Posted: 01/ 2/2012 7:27 pm

Last week, while most of us were still recovering from holiday meal hangovers, Rick Perry sent a message to those who thought that his anti-gay "Stronger" ad was the epitome of desperation and pandering that you ain't seen nothing yet. (Click here to see Perry's "Stronger" ad, Ron Paul's abortion ad, and others from the primary campaign.) Perry announced in an Iowa town hall that he had undergone a "transformation" regarding his position on abortion and now believes that the procedure should not be permissible in cases of rape or incest.

Around the same time, Ron Paul became the fifth GOP candidate to sign what is known as the Personhood USA Pledge. The pledge, which has also been signed by candidates Bachmann, Perry, Gingrich, and Santorum to date, reads, in part, "I support a human life amendment to the Constitution, and endorse legislation to make clear that the 14th Amendment protections apply to unborn children." It goes on to state, "If elected President, I will work to advance state and federal laws and amendments that recognize the unalienable right to life of all human beings as persons at every stage of development, and to the best of my knowledge, I will only appoint federal judges and relevant officials who will uphold and enforce state and federal laws recognizing that all human beings at every stage of development are persons with the unalienable right to life." Proponents of the pledge have previously acknowledged that it could criminalize birth control, a fact that, when made public, played a key role in torpedoing a personhood measure on the Mississippi ballot last fall.

While abortion remains one of America's most divisive issues, birth control and the issue of abortion in extreme circumstances are not. According to the CDC, 99 percent of sexually active American women use birth control, and though recent polls indicate that Americans are split equally on whether or not abortion should be legal, an overwhelming majority -- more than 80 percent -- believes it should be legal in cases of rape or incest, and nearly 90 percent believe it should be legal to save the life of a mother.

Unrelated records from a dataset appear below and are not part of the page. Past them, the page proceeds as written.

(* Consider a switched descriptor system $E_{\sigma(t)}\dot x=A_{\sigma(t)}x$, $\sigma(t)\in\{1,\dots,N\}$, with each $A_i$ nonsingular, and suppose that for each $i=1,\dots,N$ there is a Lyapunov matrix $P_i$ for $(E_i,A_i)$ such that for every solution $x(\cdot)$ and every time $t_*$ at which $\sigma$ switches from $i$ to $j$, $$x(t_*^+)^TP_jx(t_*^+)\le x(t_*^-)^TP_ix(t_*^-).$$ Then the switched system is globally uniformly exponentially stable (GUES).
   Context: For $E,A\in\mathbb{R}^{n\times n}$ with $A$ nonsingular, $(E,A)$ denotes the descriptor system $E\dot x=Ax$; its index is the smallest $k^*\ge0$ with $\mathrm{Im}((A^{-1}E)^{k^*+1})=\mathrm{Im}((A^{-1}E)^{k^*})$ and its consistency space is $\mathcal{C}(E,A)=\mathrm{Im}((A^{-1}E)^{k^*})$. When $\mathcal{C}\ne\{0\}$, $A^{-1}E$ is a bijection of $\mathcal{C}$ onto itself, and with $\tilde A$ the inverse of its restriction, the system on $\mathcal{C}$ is $\dot x=\tilde Ax$. A symmetric $P$ is a Lyapunov matrix for $(E,A)$ if $x^TPx>0$ for nonzero $x\in\mathcal{C}$ and $2x^TP\tilde Ax<0$ for nonzero $x\in\mathcal{C}$. Switched descriptor system: the switching signal $\sigma$ is piecewise constant with values in $\{1,\dots,N\}$ and finitely many discontinuities in every bounded interval. A solution is a function $x(\cdot)$ that is differentiable and satisfies $E_{\sigma(t)}\dot x(t)=A_{\sigma(t)}x(t)$ at every $t$ where $\sigma$ is continuous (so $x(t)\in\mathcal{C}(E_{\sigma(t)},A_{\sigma(t)})$ there), and has one-sided limits $x(t_*^-)$, $x(t_*^+)$ at each discontinuity $t_*$ of $\sigma$; the differential equation is not required at discontinuities, and the relation between $x(t_*^+)$ and $x(t_*^-)$ as well as which switches are allowed are part of the system specification. The system is GUES if there exist $\beta,\alpha>0$ such that every solution satisfies $\|x(t)\|\le\beta e^{-\alpha(t-t_0)}\|x(t_0)\|$ for all $t\ge t_0$. *)

theory Defs
  imports "HOL-Analysis.Analysis"
begin

definition AinvE :: "real^'n^'n \<Rightarrow> real^'n^'n \<Rightarrow> real^'n \<Rightarrow> real^'n" where
  "AinvE E A = (\<lambda>x. (matrix_inv A ** E) *v x)"

definition dae_index :: "real^'n^'n \<Rightarrow> real^'n^'n \<Rightarrow> nat" where
  "dae_index E A = (LEAST k. range ((AinvE E A) ^^ (Suc k)) = range ((AinvE E A) ^^ k))"

definition consistency_space :: "real^'n^'n \<Rightarrow> real^'n^'n \<Rightarrow> (real^'n) set" where
  "consistency_space E A = range ((AinvE E A) ^^ (dae_index E A))"

definition Atilde :: "real^'n^'n \<Rightarrow> real^'n^'n \<Rightarrow> real^'n \<Rightarrow> real^'n" where
  "Atilde E A x = (THE y. y \<in> consistency_space E A \<and> AinvE E A y = x)"

definition lyapunov_matrix :: "real^'n^'n \<Rightarrow> real^'n^'n \<Rightarrow> real^'n^'n \<Rightarrow> bool" where
  "lyapunov_matrix E A P \<longleftrightarrow>
     transpose P = P \<and>
     (\<forall>x \<in> consistency_space E A. x \<noteq> 0 \<longrightarrow> x \<bullet> (P *v x) > 0) \<and>
     (\<forall>x \<in> consistency_space E A. x \<noteq> 0 \<longrightarrow> 2 * (x \<bullet> (P *v Atilde E A x)) < 0)"

definition switch_times :: "real \<Rightarrow> (real \<Rightarrow> nat) \<Rightarrow> real set" where
  "switch_times t0 \<sigma> = {t. t0 \<le> t \<and> \<not> continuous (at t within {t0..}) \<sigma>}"

text \<open>A solution on [t0,oo) of the switched descriptor system with modes 1..N.
  Convention: x(t) = x(t+) at switching times (right-continuity of x).\<close>
definition switched_solution ::
  "nat \<Rightarrow> (nat \<Rightarrow> real^'n^'n) \<Rightarrow> (nat \<Rightarrow> real^'n^'n) \<Rightarrow> real \<Rightarrow> (real \<Rightarrow> nat) \<Rightarrow> (real \<Rightarrow> real^'n) \<Rightarrow> bool"
  where
  "switched_solution N E A t0 \<sigma> x \<longleftrightarrow>
     (\<forall>t \<ge> t0. \<sigma> t \<in> {1..N}) \<and>
     (\<forall>b. finite (switch_times t0 \<sigma> \<inter> {..b})) \<and>
     (\<forall>t \<ge> t0. t \<notin> switch_times t0 \<sigma> \<longrightarrow>
        (\<exists>v. (x has_vector_derivative v) (at t within {t0..}) \<and>
             E (\<sigma> t) *v v = A (\<sigma> t) *v x t)) \<and>
     (\<forall>t \<in> switch_times t0 \<sigma>. t0 < t \<longrightarrow> (\<exists>l. (x \<longlongrightarrow> l) (at_left t))) \<and>
     (\<forall>t \<ge> t0. (x \<longlongrightarrow> x t) (at_right t))"

definition GUES :: "(real \<times> (real \<Rightarrow> nat) \<times> (real \<Rightarrow> real^'n)) set \<Rightarrow> bool" where
  "GUES Sys \<longleftrightarrow> (\<exists>\<beta> > 0. \<exists>\<alpha> > 0. \<forall>(t0, \<sigma>, x) \<in> Sys. \<forall>t \<ge> t0.
      norm (x t) \<le> \<beta> * exp (- \<alpha> * (t - t0)) * norm (x t0))"

end

theory Submission
  imports Defs
begin

text \<open>
  On the consistency space C of a mode, M = A\<inverse>E is a bijection, and along a solution x = M x';
  as x' stays in every subspace in which x stays, both x and x' lie in C. Compactness of the unit
  sphere of C makes the Lyapunov conditions quantitative: e |x|^2 \<le> V x \<le> |x|^2 / e and
  V' \<le> - e V on C, with one e > 0 for all (finitely many) modes. Hence exp (e (t - t0)) V (x t),
  with V the form of the mode in force, is nonincreasing between switches; by hypothesis it cannot
  increase across a switch, and |x t| \<le> exp (- e (t - t0) / 2) |x t0| / e follows.
\<close>

lemma difference_quotient_tendsto:
  fixes f :: "real \<Rightarrow> 'a::real_normed_vector"
  assumes "(f has_vector_derivative v) (at t within X)"
  shows "((\<lambda>y. (f y - f t) /\<^sub>R (y - t)) \<longlongrightarrow> v) (at t within X)"
proof -
  let ?r = "\<lambda>y. f y - (f t + (y - t) *\<^sub>R v)"
  have "((\<lambda>y. (1 / norm (y - t)) *\<^sub>R ?r y) \<longlongrightarrow> 0) (at t within X)"
    using assms unfolding has_vector_derivative_def has_derivative_within by simp
  then have "((\<lambda>y. norm ((1 / norm (y - t)) *\<^sub>R ?r y)) \<longlongrightarrow> 0) (at t within X)"
    by (rule tendsto_norm_zero)
  moreover have "\<forall>\<^sub>F y in at t within X.
      norm ((1 / norm (y - t)) *\<^sub>R ?r y) = norm ((f y - f t) /\<^sub>R (y - t) - v)"
  proof (rule eventually_mono[OF eventually_neq_at_within[of t]])
    fix y assume "y \<noteq> t"
    then have "(f y - f t) /\<^sub>R (y - t) - v = (1 / (y - t)) *\<^sub>R ?r y"
      by (simp add: scaleR_diff_right scaleR_add_right divide_inverse_commute)
    then show "norm ((1 / norm (y - t)) *\<^sub>R ?r y) = norm ((f y - f t) /\<^sub>R (y - t) - v)"
      by simp
  qed
  ultimately have "((\<lambda>y. norm ((f y - f t) /\<^sub>R (y - t) - v)) \<longlongrightarrow> 0) (at t within X)"
    by (rule Lim_transform_eventually)
  then show ?thesis
    by (simp add: tendsto_norm_zero_iff LIM_zero_iff)
qed

lemma has_vector_derivative_in_subspace:
  fixes f :: "real \<Rightarrow> 'a::euclidean_space"
  assumes "subspace W" and "(f has_vector_derivative v) (at t within X)"
    and "at t within X \<noteq> bot" and "\<forall>\<^sub>F y in at t within X. f y \<in> W" and "f t \<in> W"
  shows "v \<in> W"
proof (rule Lim_in_closed_set)
  show "\<forall>\<^sub>F y in at t within X. (f y - f t) /\<^sub>R (y - t) \<in> W"
    using assms(4) by (rule eventually_mono) (use assms(1,5) in \<open>simp add: subspace_diff subspace_scale\<close>)
qed (use assms closed_subspace difference_quotient_tendsto in auto)

lemma at_within_atLeast_neq_bot:
  assumes "t0 \<le> (t::real)"
  shows "at t within {t0..} \<noteq> bot"
proof -
  have "at_right t \<le> at t within {t0..}"
    by (rule at_le) (use assms in auto)
  then show ?thesis
    using trivial_limit_at_right_real by (auto simp: bot_unique)
qed

lemma nonincreasing_across_jumps:
  fixes F :: "real \<Rightarrow> real" and S :: "real set"
  assumes finite_S: "\<And>b. finite (S \<inter> {..b})"
    and between: "\<And>a u. t0 \<le> a \<Longrightarrow> a \<le> u \<Longrightarrow> S \<inter> {a<..u} = {} \<Longrightarrow> F u \<le> F a"
    and jumps: "\<And>s. s \<in> S \<Longrightarrow> t0 < s \<Longrightarrow> \<exists>L. (F \<longlongrightarrow> L) (at_left s) \<and> F s \<le> L"
    and "t0 \<le> t"
  shows "F t \<le> F t0"
  using \<open>t0 \<le> t\<close>
proof (induction "card (S \<inter> {t0<..t})" arbitrary: t rule: less_induct)
  case less
  define T where "T = S \<inter> {t0<..t}"
  have "finite T"
    unfolding T_def using finite_S[of t] by (rule finite_subset[rotated]) auto
  show ?case
  proof (cases "T = {}")
    case True
    then show ?thesis using between[of t0 t] less.prems unfolding T_def by simp
  next
    case False
    define s where "s = Max T"
    have "s \<in> T" and s_max: "\<And>y. y \<in> T \<Longrightarrow> y \<le> s"
      unfolding s_def using \<open>finite T\<close> False by auto
    then have s: "s \<in> S" "t0 < s" "s \<le> t" unfolding T_def by auto
    have "S \<inter> {s<..t} = {}"
      using s s_max unfolding T_def by (force simp: disjoint_iff)
    then have "F t \<le> F s"
      using between s by simp
    moreover obtain L where L: "(F \<longlongrightarrow> L) (at_left s)" "F s \<le> L"
      using jumps s by blast
    moreover have "\<forall>\<^sub>F u in at_left s. F u \<le> F t0"
      using eventually_at_left_real[OF \<open>t0 < s\<close>]
    proof (rule eventually_mono)
      fix u assume u: "u \<in> {t0<..<s}"
      have "S \<inter> {t0<..u} \<subseteq> T - {s}"
        using u s unfolding T_def by auto
      then have "S \<inter> {t0<..u} \<subset> T"
        using \<open>s \<in> T\<close> by blast
      then have "card (S \<inter> {t0<..u}) < card T"
        using \<open>finite T\<close> by (rule psubset_card_mono[rotated])
      then show "F u \<le> F t0"
        using less.hyps u unfolding T_def by auto
    qed
    then have "L \<le> F t0"
      by (rule tendsto_upperbound[OF L(1)]) simp
    ultimately show ?thesis by simp
  qed
qed

lemma inner_symmetric_matrix:
  fixes P :: "real^'n^'n"
  assumes "transpose P = P"
  shows "v \<bullet> (P *v y) = y \<bullet> (P *v v)"
  by (metis assms dot_lmul_matrix inner_commute vector_transpose_matrix)

lemma weighted_quadratic_form_has_nonpos_derivative:
  fixes x :: "real \<Rightarrow> real^'n" and P :: "real^'n^'n"
  assumes "transpose P = P" and x': "(x has_vector_derivative v) (at s)"
    and decrease: "e * (x s \<bullet> (P *v x s)) \<le> - 2 * (x s \<bullet> (P *v v))"
  shows "\<exists>D. ((\<lambda>s. exp (e * (s - t0)) * (x s \<bullet> (P *v x s))) has_real_derivative D) (at s) \<and> D \<le> 0"
proof -
  have "((\<lambda>s. x s \<bullet> (P *v x s)) has_vector_derivative x s \<bullet> (P *v v) + v \<bullet> (P *v x s)) (at s)"
    by (rule bounded_bilinear.has_vector_derivative[OF bounded_bilinear_inner x'
          bounded_linear.has_vector_derivative[OF matrix_vector_mul_bounded_linear x']])
  moreover have "x s \<bullet> (P *v v) + v \<bullet> (P *v x s) = 2 * (x s \<bullet> (P *v v))"
    using inner_symmetric_matrix[OF assms(1), of v "x s"] by simp
  ultimately have V': "((\<lambda>s. x s \<bullet> (P *v x s)) has_real_derivative 2 * (x s \<bullet> (P *v v))) (at s)"
    by (simp add: has_real_derivative_iff_has_vector_derivative)
  have exp': "((\<lambda>s. exp (e * (s - t0))) has_real_derivative exp (e * (s - t0)) * e) (at s)"
    by (auto intro!: derivative_eq_intros)
  have "((\<lambda>s. exp (e * (s - t0)) * (x s \<bullet> (P *v x s))) has_real_derivative
      exp (e * (s - t0)) * (e * (x s \<bullet> (P *v x s)) + 2 * (x s \<bullet> (P *v v)))) (at s)"
    using DERIV_mult'[OF exp' V'] by (simp add: algebra_simps)
  moreover have "exp (e * (s - t0)) * (e * (x s \<bullet> (P *v x s)) + 2 * (x s \<bullet> (P *v v))) \<le> 0"
    using decrease by (intro mult_nonneg_nonpos) auto
  ultimately show ?thesis
    by blast
qed

lemma le_of_squared_exp_decay:
  fixes a b V W e d :: real
  assumes "e > 0" and "0 \<le> a" and "0 \<le> b" and "V \<le> exp (- e * d) * W"
    and "e * a\<^sup>2 \<le> V" and "e * W \<le> b\<^sup>2"
  shows "a \<le> 1 / e * exp (- (e / 2) * d) * b"
proof -
  have "W \<le> b\<^sup>2 / e"
    using assms(1,6) by (simp add: field_simps)
  then have "exp (- e * d) * W \<le> exp (- e * d) * (b\<^sup>2 / e)"
    by (rule mult_left_mono) simp
  then have "e * a\<^sup>2 \<le> exp (- e * d) * (b\<^sup>2 / e)"
    using assms(4,5) by linarith
  also have "exp (- e * d) = (exp (- (e / 2) * d))\<^sup>2"
    by (simp add: power2_eq_square flip: exp_add)
  also have "\<dots> * (b\<^sup>2 / e) = e * (1 / e * exp (- (e / 2) * d) * b)\<^sup>2"
    using \<open>e > 0\<close> by (simp add: power2_eq_square)
  finally have "a\<^sup>2 \<le> (1 / e * exp (- (e / 2) * d) * b)\<^sup>2"
    using mult_le_cancel_left_pos[OF \<open>e > 0\<close>] by blast
  then show ?thesis
    by (rule power2_le_imp_le) (use assms(1,3) in simp)
qed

Mitt Romney, who has staked much of his Iowa victory on whether or not voters will believe that, like Perry, he underwent a conversion of his own on the issue of abortion, has not signed the Personhood USA Pledge. But if various reports are to be believed, his own positions on abortion have fluctuated from pro-choice to even more extreme than those of his personhood-pledging counterparts. A new book contends that as a Mormon bishop, Romney tried to dissuade a woman from terminating a pregnancy that doctors warned was causing her internal bleeding. Despite Romney going so far as to follow the woman and her husband to the hospital, the couple made the decision to go forward with the procedure, which allegedly prompted Romney to track down her parents to get them to intervene. It is reported that her father instead decided to throw Romney out.

But perhaps even more disturbing than that anecdote is that it is also alleged that while plotting his political rise, Romney met with Mormon leaders to map out an abortion strategy. It is reported that after consulting with them, a plan was adopted regarding how he would discuss the issue in order to be successfully elected in a left-leaning state like Massachusetts. This allegation plays into Romney's most enduring criticism, namely that the man is incapable of saying what he believes -- ever -- just what he thinks will be the most politically expedient, even if it's a matter of life or death. (To be clear, in this instance I am referring to the life and death of women coping with the dangers of pregnancy.)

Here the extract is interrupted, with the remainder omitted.